Updated January 15, 2018


THE two critical external sources — exports and remittances — of foreign-exchange flows have finally started showing positive signs after a few years of unimpressive performance.

In the first six months of the current fiscal year, exports surged more than 11 per cent after four years of free fall while remittances increased by 2.5pc compared to last year’s 1.9pc decline.

This may not be immediately enough to cover the country’s growing current-account deficit, fuelled by machinery imports for China-Pakistan Economic Corridor (CPEC) projects, rising oil prices and higher oil and liquefied natural gas imports. But it will at least provide a base to build upon and provide a sustainable path in the long run to finance the current account.

The Ministry of Commerce has claimed the credit for the continuing rising trend in exports since the beginning of the current fiscal year, even though they had posted growth in seven out of 12 months of the last fiscal year despite sluggish economic conditions in advanced economies or key destinations for Pakistan’s products.

Nevertheless, it is a positive sign that exports growth is keeping pace, with a 12.3pc improvement in November followed by 14.8pc in December.

In absolute terms, exports during July-December stood at $11 billion, or about $1.1bn higher than the same period a year ago. However, imports also jumped 19pc year-on-year to $29bn during the six-month period.

The government claims that a pickup in economic activity along with investments in CPEC projects have created demand for machinery, petroleum products and other productive imports while exports have been struggling in the past due to the subdued global demand and depressed commodity prices.

The government has introduced a series of incentives for the export sector over the last year

The latest export growth is generally in line with nearly double-digit (9.64pc) improvement in the country’s industrial output.

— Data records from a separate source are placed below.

lemma card_line: "l \<in> Ls \<Longrightarrow> finite l \<and> card l = 3"
  using steiner unfolding steiner_def by blast

definition third :: "'a \<Rightarrow> 'a \<Rightarrow> 'a" where
  "third x y = (if x = y then x else (THE z. z \<in> line x y \<and> z \<noteq> x \<and> z \<noteq> y))"

lemma line_eq_third_distinct:
  assumes "x \<in> X" "y \<in> X" "x \<noteq> y"
  shows "line x y = {x, y, third x y}" "third x y \<noteq> x" "third x y \<noteq> y"
proof -
  have l: "finite (line x y)" "card (line x y) = 3" "{x, y} \<subseteq> line x y"
    using card_line[OF line_in_Ls[OF assms]] assms by auto
  then have "card (line x y - {x, y}) = 1"
    using assms(3) by (simp add: card_Diff_subset)
  then obtain z where z: "line x y - {x, y} = {z}" by (rule card_1_singletonE)
  then have "z \<in> line x y" "z \<noteq> x" "z \<noteq> y" by blast+
  moreover have "line x y = {x, y, z}" using z l(3) by blast
  moreover have "third x y = z"
    unfolding third_def using assms(3) z by auto
  ultimately show "line x y = {x, y, third x y}" "third x y \<noteq> x" "third x y \<noteq> y"
    by simp_all
qed

lemma third_refl [simp]: "third x x = x"
  by (simp add: third_def)

lemma line_eq_third: "x \<in> X \<Longrightarrow> y \<in> X \<Longrightarrow> line x y = {x, y, third x y}"
  using line_eq_third_distinct by (cases "x = y") auto

lemma third_mem_line: "x \<in> X \<Longrightarrow> y \<in> X \<Longrightarrow> third x y \<in> line x y"
  using line_eq_third by blast

lemma third_in_X: "x \<in> X \<Longrightarrow> y \<in> X \<Longrightarrow> third x y \<in> X"
  using third_mem_line line_subset_X by blast

lemma third_unique:
  assumes "x \<in> X" "y \<in> X" "z \<in> line x y" "z \<noteq> x" "z \<noteq> y"
  shows "third x y = z"
  using assms line_eq_third by auto

lemma third_commute: "third x y = third y x"
  unfolding third_def by (simp add: line_sym conj_commute)

lemma third_third [simp]:
  assumes "x \<in> X" "y \<in> X"
  shows "third x (third x y) = y"
proof (cases "x = y")
  case False
  note xy = line_eq_third_distinct[OF assms False]
  have "line x (third x y) = line x y"
    using line_eq_line[OF assms, of x "third x y"] xy(2) third_mem_line[OF assms] assms
    by simp
  with xy assms show ?thesis
    by (intro third_unique) (auto intro: third_in_X)
qed simp

lemma third_swap:
  assumes "x \<in> X" "y \<in> X" "third x y = z"
  shows "third x z = y"
  using assms by auto

lemma third_inj:
  assumes "x \<in> X" "y \<in> X" "y' \<in> X" "third x y = third x y'"
  shows "y = y'"
proof -
  have "y = third x (third x y)" using assms(1,2) by simp
  also have "\<dots> = y'" using assms by simp
  finally show ?thesis .
qed

lemma line_third:
  assumes "x \<in> X" "y \<in> X" "x \<noteq> y"
  shows "line x (third x y) = line x y"
  by (rule line_eq_line[OF assms(1,2)]) (use line_eq_third_distinct[OF assms] assms in auto)

lemma flat_third: "flat X Ls F \<Longrightarrow> x \<in> F \<Longrightarrow> y \<in> F \<Longrightarrow> third x y \<in> F"
  using flat_line_subset third_mem_line flat_subset_X by blast

lemma third_notin_line:
  assumes "l \<in> Ls" "a \<in> l" "z \<in> X" "z \<notin> l"
  shows "third z a \<notin> l" "third z a \<noteq> z"
proof -
  have "a \<in> X" "z \<noteq> a" using assms Ls_subset_X by auto
  then have "third z a \<noteq> a" "third z a \<noteq> z" using line_eq_third_distinct assms(3) by auto
  then show "third z a \<noteq> z" "third z a \<notin> l"
    using line_inter_line[OF assms] third_mem_line[OF assms(3) \<open>a \<in> X\<close>] by auto
qed

definition pencil :: "'a set \<Rightarrow> 'a \<Rightarrow> 'a set set" where
  "pencil P z = {\<Lambda>\<in>Ls. z \<in> \<Lambda> \<and> \<Lambda> \<subseteq> P}"

definition parallels :: "'a set \<Rightarrow> 'a set \<Rightarrow> 'a \<Rightarrow> 'a set set" where
  "parallels P l z = {\<Lambda>\<in>Ls. z \<in> \<Lambda> \<and> \<Lambda> \<subseteq> P - l}"
lemma split_weight_fun_upd0:
  assumes "\<sigma> 0 = 0" "N \<ge> 1"
  shows "split_weight \<sigma> N (k - r(0 := n)) (r(0 := n)) = split_weight \<sigma> N (k - r) r"
proof -
  have "(\<Prod>j\<in>{1..<N}. split_factor (\<sigma> j) ((k - r(0 := n)) j) ((r(0 := n)) j))
      = (\<Prod>j\<in>{1..<N}. split_factor (\<sigma> j) ((k - r) j) (r j))"
    by (intro prod.cong) auto
  then show ?thesis using split_weight_sigma0_eq[of \<sigma> N, OF assms] by simp
qed

lemma infsum_split_weight_int_lattice0_le:
  assumes \<sigma>0: "\<sigma> 0 = 0" and N: "N \<ge> 1"
  shows "infsum (\<lambda>r. ennreal (split_weight \<sigma> N (k - r) r)) (int_lattice0 N)
    \<le> 2 * (\<Prod>j\<in>{1..<N}. 2 * bracket_zeta (\<sigma> j))"
proof -
  define h where "h = (\<lambda>j (n::int). if j = 0 then (if n = 0 then 2 else 0)
    else ennreal (split_factor (\<sigma> j) (k j - n) n))"
  have N_split: "{..<N} = insert 0 {1..<N}" using N by auto
  have "infsum (\<lambda>r. ennreal (split_weight \<sigma> N (k - r) r)) (int_lattice0 N)
      \<le> infsum (\<lambda>r. \<Prod>j<N. h j (r j)) (int_lattice N)"
  proof (rule infsum_mono_neutral_ennreal)
    show "int_lattice0 N \<subseteq> int_lattice N" unfolding int_lattice0_def by auto
    fix r assume r: "r \<in> int_lattice0 N"
    have "ennreal (split_weight \<sigma> N (k - r) r) = 2 * (\<Prod>j\<in>{1..<N}. ennreal (split_factor (\<sigma> j) (k j - r j) (r j)))"
      using split_weight_sigma0_eq[of \<sigma> N, OF \<sigma>0 N, of "k - r" r] split_factor_pos
      by (simp add: ennreal_mult prod_nonneg less_imp_le prod_ennreal)
    also have "\<dots> = (\<Prod>j<N. h j (r j))"
      unfolding N_split using r by (simp add: h_def int_lattice0_def)
    finally show "ennreal (split_weight \<sigma> N (k - r) r) \<le> (\<Prod>j<N. h j (r j))" by simp
  qed
  also have "\<dots> = (\<Prod>j<N. infsum (h j) UNIV)"
    by (rule infsum_int_lattice_prod)
  also have "\<dots> = infsum (h 0) UNIV * (\<Prod>j\<in>{1..<N}. infsum (h j) UNIV)"
    unfolding N_split by simp
  also have "infsum (h 0) UNIV = 2"
    using infsum_cong_neutral[of UNIV "{0}" "h 0" "h 0"] by (simp add: h_def)
  also have "(\<Prod>j\<in>{1..<N}. infsum (h j) UNIV) = (\<Prod>j\<in>{1..<N}. 2 * bracket_zeta (\<sigma> j))"
    by (intro prod.cong) (auto simp: h_def infsum_split_factor)
  finally show ?thesis .
qed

In the five months through November, the critical drivers of industrial production such as iron and steel products increased by almost 44pc, followed by 28pc by the auto sector, 22pc by coke and petroleum, 18pc electronics and 15pc each by non-metallic minerals and rubber products.

Government interventions last year to discourage unnecessary imports also appear to be bearing fruit. The increasing trend in imports that has been going on for the last couple of years showed first sign of a slowdown in December when imports grew by just 10pc against more than 30pc rate of the last one year or so.

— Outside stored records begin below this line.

lemma eval_mpoly_var_pow[simp]: "eval_mpoly (var_pow i e) v = v i ^ e"
  by (simp add: var_pow_def mono_eval_def)

lemma var_pow_Sd[intro]: "i < s \<Longrightarrow> var_pow i e \<in> Sd s e"
  unfolding var_pow_def by (rule Sd_single) auto

lemma eval_mpoly_prod: "eval_mpoly (prod f A) v = (\<Prod>i\<in>A. eval_mpoly (f i) v)"
  by (induction A rule: infinite_finite_induct) auto

lemma Sd_prod: "(\<And>i. i \<in> A \<Longrightarrow> f i \<in> Sd s 1) \<Longrightarrow> prod f A \<in> Sd s (card A)"
proof (induction A rule: infinite_finite_induct)
  case (infinite A) then show ?case by (simp add: Sd_def)
next
  case empty then show ?case by (simp add: Sd_def)
next
  case (insert x F)
  then show ?case using Sd_mult[of "f x" s 1 "prod f F" "card F"] by simp
qed

text \<open>The form \<open>v\<^sub>j t\<^sub>i - v\<^sub>i t\<^sub>j\<close> for a \<open>2 \<times> 2\<close> minor \<open>v\<^sub>i w\<^sub>j - v\<^sub>j w\<^sub>i \<noteq> 0\<close> of the
  representatives, which exists since \<open>P \<noteq> Q\<close>.\<close>
lemma exists_linear_form_separating:
  assumes "P \<in> proj_space s" "Q \<in> proj_space s" "P \<noteq> Q"
  shows "\<exists>L\<in>Sd s 1. eval_mpoly L (proj_rep s P) = 0 \<and> eval_mpoly L (proj_rep s Q) \<noteq> 0"
proof -
  let ?v = "proj_rep s P" and ?w = "proj_rep s Q"
  have "\<exists>i j. ?v i * ?w j \<noteq> ?v j * ?w i"
  proof (rule ccontr)
    assume H: "\<not> ?thesis"
    obtain j where j: "j < s" "?v j \<noteq> 0" using proj_rep_nonzero[OF assms(1)] by blast
    define c where "c = ?w j / ?v j"
    have w: "?w i = c * ?v i" for i
      using H j by (auto simp: c_def field_simps)
    have "c \<noteq> 0" using proj_rep(2)[OF assms(2)] w by (auto simp: fun_eq_iff)
    have "Q = {(\<lambda>i. a * ?w i) | a. a \<noteq> 0}" by (rule proj_rep(3)[OF assms(2)])
    also have "\<dots> = {(\<lambda>i. a * ?v i) | a. a \<noteq> 0}"
    proof safe
      fix a :: 'a assume "a \<noteq> 0" then show "\<exists>b. (\<lambda>i. a * ?w i) = (\<lambda>i. b * ?v i) \<and> b \<noteq> 0"
        using \<open>c \<noteq> 0\<close> by (intro exI[of _ "a * c"]) (auto simp: w)
    next
      fix a :: 'a assume "a \<noteq> 0" then show "\<exists>b. (\<lambda>i. a * ?v i) = (\<lambda>i. b * ?w i) \<and> b \<noteq> 0"
        using \<open>c \<noteq> 0\<close> by (intro exI[of _ "a / c"]) (auto simp: w)
    qed
    also have "\<dots> = P" by (rule proj_rep(3)[OF assms(1), symmetric])
    finally show False using assms(3) by simp
  qed
  then obtain i j where ij: "?v i * ?w j \<noteq> ?v j * ?w i" by blast
  have "i < s"
    using ij proj_rep(1)[OF assms(1)] proj_rep(1)[OF assms(2)] by (metis mult_zero_left mult_zero_right not_le)
  have "j < s"
    using ij proj_rep(1)[OF assms(1)] proj_rep(1)[OF assms(2)] by (metis mult_zero_left mult_zero_right not_le)
  define L :: "'a mpoly" where "L = kscale (?v j) (var_pow i 1) - kscale (?v i) (var_pow j 1)"
  have "L \<in> Sd s 1" using \<open>i<s\<close> \<open>j<s\<close> by (auto simp: L_def)
  moreover have "eval_mpoly L ?v = 0" by (simp add: L_def mult.commute)
  moreover have "eval_mpoly L ?w \<noteq> 0" using ij by (simp add: L_def mult.commute)
  ultimately show ?thesis by blast
qed

lemma exists_interpolating_form:
  assumes "X \<subseteq> proj_space s" "finite X" "P \<in> X" "card X - 1 \<le> e"
  shows "\<exists>f\<in>Sd s e. eval_mpoly f (proj_rep s P) = 1 \<and> (\<forall>Q\<in>X - {P}. eval_mpoly f (proj_rep s Q) = 0)"
proof -
  have "\<forall>Q\<in>X - {P}. \<exists>L\<in>Sd s 1. eval_mpoly L (proj_rep s Q) = 0 \<and> eval_mpoly L (proj_rep s P) \<noteq> 0"
    using assms exists_linear_form_separating by (metis DiffE insertI1 subsetD)
  then obtain L where L: "\<And>Q. Q \<in> X - {P} \<Longrightarrow>
      L Q \<in> Sd s 1 \<and> eval_mpoly (L Q) (proj_rep s Q) = 0 \<and> eval_mpoly (L Q) (proj_rep s P) \<noteq> 0"
    by metis
  obtain j where j: "j < s" "proj_rep s P j \<noteq> 0" using proj_rep_nonzero assms by blast
  have cX: "card (X - {P}) = card X - 1" using assms by simp
  define f0 where "f0 = prod L (X - {P}) * var_pow j (e - (card X - 1))"
  have f0: "f0 \<in> Sd s e"
    unfolding f0_def using Sd_mult[OF Sd_prod var_pow_Sd[OF j(1)], of "X - {P}" L "e - (card X - 1)"] L cX assms(4)
    by auto
  have f0P: "eval_mpoly f0 (proj_rep s P) \<noteq> 0"
    using L j assms(2) by (simp add: f0_def eval_mpoly_prod prod_zero_iff)
  have f0Q: "eval_mpoly f0 (proj_rep s Q) = 0" if "Q \<in> X - {P}" for Q
    using that L assms(2) by (simp add: f0_def eval_mpoly_prod prod_zero_iff) blast
  show ?thesis
    using f0 f0P f0Q
    by (intro bexI[of _ "kscale (1 / eval_mpoly f0 (proj_rep s P)) f0"]) auto
qed

section \<open>Prime ideals of univariate polynomials\<close>

definition is_poly_ideal :: "'a::field poly set \<Rightarrow> bool" where
  "is_poly_ideal p \<longleftrightarrow> 0 \<in> p \<and> (\<forall>a\<in>p. \<forall>b\<in>p. a + b \<in> p) \<and> (\<forall>a\<in>p. \<forall>r. r * a \<in> p)"

lemma is_poly_ideal_diff: "is_poly_ideal p \<Longrightarrow> a \<in> p \<Longrightarrow> b \<in> p \<Longrightarrow> a - b \<in> p"
  unfolding is_poly_ideal_def
  by (metis diff_conv_add_uminus mult_minus1)

lemma min_degree_dvd:
  assumes "is_poly_ideal p" "\<pi> \<in> p" "\<pi> \<noteq> 0" "\<forall>y\<in>p - {0}. degree \<pi> \<le> degree y" "b \<in> p"
  shows "\<pi> dvd b"
proof -
  have "b mod \<pi> = b - (b div \<pi>) * \<pi>" by (simp add: minus_div_mult_eq_mod)
  also have "\<dots> \<in> p" using assms(1,2,5) by (intro is_poly_ideal_diff) (auto simp: is_poly_ideal_def)
  finally have "b mod \<pi> \<in> p" .
  then have "b mod \<pi> = 0" using assms(3,4) degree_mod_less[of \<pi> b] by force
  then show ?thesis by (simp add: mod_eq_0_iff_dvd)
qed

lemma min_degree_exists:
  assumes "y0 \<in> p" "y0 \<noteq> (0::'a::field poly)"
  obtains \<pi> where "\<pi> \<in> p" "\<pi> \<noteq> 0" "\<forall>y\<in>p - {0}. degree \<pi> \<le> degree y"
proof -
  define n where "n = (LEAST n. \<exists>y\<in>p - {0}. degree y = n)"
  have "\<exists>y\<in>p - {0}. degree y = n"
    unfolding n_def by (rule LeastI[of _ "degree y0"]) (use assms in auto)
  then obtain \<pi> where "\<pi> \<in> p - {0}" "degree \<pi> = n" by blast
  moreover have "\<forall>y\<in>p - {0}. n \<le> degree y" unfolding n_def by (auto intro: Least_le)
  ultimately show ?thesis using that by auto
qed

lemma nonzero_prime_poly_ideal_maximal:
  fixes p1 p2 :: "'a::field poly set"
  assumes "is_poly_ideal p1" "is_poly_ideal p2" "p1 \<subset> p2" "p1 \<noteq> {0}"
    and prime: "\<And>a b. a * b \<in> p1 \<Longrightarrow> a \<in> p1 \<or> b \<in> p1"
  shows "1 \<in> p2"
proof -
  obtain y0 where "y0 \<in> p1" "y0 \<noteq> 0" using assms(1,4) unfolding is_poly_ideal_def by blast
  then obtain \<pi> where pi: "\<pi> \<in> p1" "\<pi> \<noteq> 0" "\<forall>y\<in>p1 - {0}. degree \<pi> \<le> degree y"
    using min_degree_exists by blast
  have "\<pi> \<in> p2" using pi assms(3) by blast
  then obtain \<pi>' where pi': "\<pi>' \<in> p2" "\<pi>' \<noteq> 0" "\<forall>y\<in>p2 - {0}. degree \<pi>' \<le> degree y"
    using min_degree_exists pi(2) by blast
  have "\<pi>' dvd \<pi>" using min_degree_dvd[OF assms(2) pi'] \<open>\<pi> \<in> p2\<close> by blast
  then obtain c where c: "\<pi> = \<pi>' * c" by (auto elim: dvdE)
  have "\<pi>' \<notin> p1"
  proof
    assume "\<pi>' \<in> p1"
    have "p2 \<subseteq> p1"
    proof
      fix b assume "b \<in> p2"
      then obtain e where "b = \<pi>' * e" using min_degree_dvd[OF assms(2) pi'] by (auto elim: dvdE)
      then show "b \<in> p1"
        using \<open>\<pi>' \<in> p1\<close> assms(1) unfolding is_poly_ideal_def by (metis mult.commute)
    qed
    then show False using assms(3) by blast
  qed
  then have "c \<in> p1" using prime c pi(1) by blast
  then obtain d where "c = \<pi> * d" using min_degree_dvd[OF assms(1) pi] by (auto elim: dvdE)
  then have "\<pi> * 1 = \<pi> * (\<pi>' * d)" using c by (simp add: mult_ac)
  then have "\<pi>' * d = 1" using pi(2) by (metis mult_left_cancel)
  then show "1 \<in> p2" using pi'(1) assms(2) unfolding is_poly_ideal_def by (metis mult.commute)
qed

lemma gen_ideal_self: "is_ideal s J \<Longrightarrow> J \<subseteq> Pring s \<Longrightarrow> gen_ideal s J = J"
  using gen_ideal_least[of J J s] gen_ideal_base[of _ J s] by blast

lemma is_ideal_vanishing_ideal: "is_ideal s (vanishing_ideal s X)"
  by (simp add: vanishing_ideal_def is_ideal_gen_ideal)

lemma vanishing_ideal_subset_Pring: "vanishing_ideal s X \<subseteq> Pring s"
  unfolding vanishing_ideal_def by (rule gen_ideal_subset_Pring) (auto simp: is_form_def Sd_def)

lemma form_in_vanishing_ideal_iff:
  assumes "X \<subseteq> proj_space s" "f \<in> Sd s d"
  shows "f \<in> vanishing_ideal s X \<longleftrightarrow> (\<forall>P\<in>X. eval_mpoly f (proj_rep s P) = 0)"
proof
  assume "f \<in> vanishing_ideal s X"
  show "\<forall>P\<in>X. eval_mpoly f (proj_rep s P) = 0"
  proof
    fix P assume "P \<in> X"
    then have P: "P \<in> proj_space s" using assms by blast
    show "eval_mpoly f (proj_rep s P) = 0"
      using \<open>f \<in> vanishing_ideal s X\<close> unfolding vanishing_ideal_def
      by (rule gen_ideal_eval[rotated]) (use \<open>P \<in> X\<close> proj_rep_in[OF P] in \<open>auto simp: vanishes_at_def\<close>)
  qed
next
  assume "\<forall>P\<in>X. eval_mpoly f (proj_rep s P) = 0"
  then have "\<forall>P\<in>X. vanishes_at f P" using vanishes_at_form_iff[OF _ assms(2)] assms(1) by blast
  then show "f \<in> vanishing_ideal s X" unfolding vanishing_ideal_def
    using assms(2) by (intro gen_ideal_base) (auto simp: is_form_def)
qed

definition point_ideal :: "nat \<Rightarrow> (nat \<Rightarrow> 'a::field) set \<Rightarrow> 'a mpoly set" where
  "point_ideal s P = {p \<in> Pring s. restrict_line (proj_rep s P) p = 0}"

lemma is_ideal_point_ideal: "is_ideal s (point_ideal s P)"
  by (auto simp: is_ideal_def point_ideal_def)

lemma vanishing_ideal_subset_point_ideal:
  assumes "X \<subseteq> proj_space s" "P \<in> X"
  shows "vanishing_ideal s X \<subseteq> point_ideal s P"
  unfolding vanishing_ideal_def
proof (rule gen_ideal_least[OF _ is_ideal_point_ideal])
  show "{f. is_form s f \<and> (\<forall>P\<in>X. vanishes_at f P)} \<subseteq> point_ideal s P"
  proof
    fix f assume "f \<in> {f. is_form s f \<and> (\<forall>P\<in>X. vanishes_at f P)}"
    then obtain d where f: "f \<in> Sd s d" "vanishes_at f P" using assms by (auto simp: is_form_def)
    then have "eval_mpoly f (proj_rep s P) = 0" using vanishes_at_form_iff[OF _ f(1)] assms by blast
    then show "f \<in> point_ideal s P"
      using f restrict_line_form[OF f(1)] by (simp add: point_ideal_def Sd_Pring)
  qed
qed

lemma mem_vanishing_ideal_iff:
  assumes "X \<subseteq> proj_space s"
  shows "p \<in> vanishing_ideal s X \<longleftrightarrow> p \<in> Pring s \<and> (\<forall>P\<in>X. restrict_line (proj_rep s P) p = 0)"
proof
  assume "p \<in> vanishing_ideal s X"
  then show "p \<in> Pring s \<and> (\<forall>P\<in>X. restrict_line (proj_rep s P) p = 0)"
    using vanishing_ideal_subset_Pring vanishing_ideal_subset_point_ideal[OF assms] unfolding point_ideal_def by blast
next
  assume H: "p \<in> Pring s \<and> (\<forall>P\<in>X. restrict_line (proj_rep s P) p = 0)"
  have "homog_comp k p \<in> vanishing_ideal s X" for k
  proof -
    have "homog_comp k p \<in> Sd s k" using H homog_comp_Sd by blast
    moreover have "\<forall>P\<in>X. eval_mpoly (homog_comp k p) (proj_rep s P) = 0"
      using H by (simp flip: coeff_restrict_line)
    ultimately show ?thesis using form_in_vanishing_ideal_iff[OF assms] by blast
  qed
  then have "(\<Sum>k\<in>mdeg ` keys p. homog_comp k p) \<in> vanishing_ideal s X"
    unfolding vanishing_ideal_def by (intro is_ideal_sum[OF is_ideal_gen_ideal]) (simp add: vanishing_ideal_def)
  then show "p \<in> vanishing_ideal s X" using sum_homog_comp[of p] by simp
qed

lemma vanishing_ideal_homog_comp:
  assumes "X \<subseteq> proj_space s" "p \<in> vanishing_ideal s X"
  shows "homog_comp k p \<in> vanishing_ideal s X"
  using assms homog_comp_Sd[of p s k] Sd_Pring[of "homog_comp k p" s k]
  by (auto simp: mem_vanishing_ideal_iff restrict_line_homog_comp)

The medium-term outflow of CPEC-related payments are, however, estimated to counterbalance the early signs of decline in machinery imports on completion of first round of most energy projects.

Secretary Commerce Younas Dagha said the decline in imports were significant when seen in the context of external factors, such as rising crude oil prices. “If fuel imports which registered an increase of almost 30pc are taken out, the rest of the imports have shown only 1pc increase,” he said.

He hoped the prime minister’s export package, realistic exchange rate and a growing international demand will keep the momentum of rising exports. He also expected the imports of non-oil and non-essential consumer goods to remain under check after government measures to rationalise imports.

The overall trade deficit in the July-December period, nevertheless, expanded to about $18bn, up almost 25pc year-on-year. During the entire 2016-17 fiscal year, the trade deficit ultimately hit an all-time high of $32.58bn.

The target for trade deficit for the current fiscal year is set at $25.7bn, and the government expects to finance around $6bn worth of external liabilities. The target for the current account deficit is set at about $9bn.

Over the last one year, the government has been introducing a series of incentives for the export sector, including lower rates of export refinance facility, long-term finance facility besides the prime minister’s export package for textile, leather, sports goods, surgical goods and carpets as part of a zero-rated sales tax regime, and drawback of local taxes and levies.

To discourage imports, the government made adjustments in duty rates, 100pc cash margins on letters of credit, and restricting non-essential imports through non-tariff adjustments.

The Ministry of Finance now estimates the country’s external liabilities at $6bn to finance during the remaining part of the current year. The risk factors it considers include lower growth in trading partner countries, tighter international financial conditions and higher-than-expected rise in global oil prices.

It, however, expects oil prices to slow down after the current winter consumption in Europe recedes, and believes that sufficient groundwork is already in place after the recent launch of $2.5bn bonds to go again for fresh fund-raising.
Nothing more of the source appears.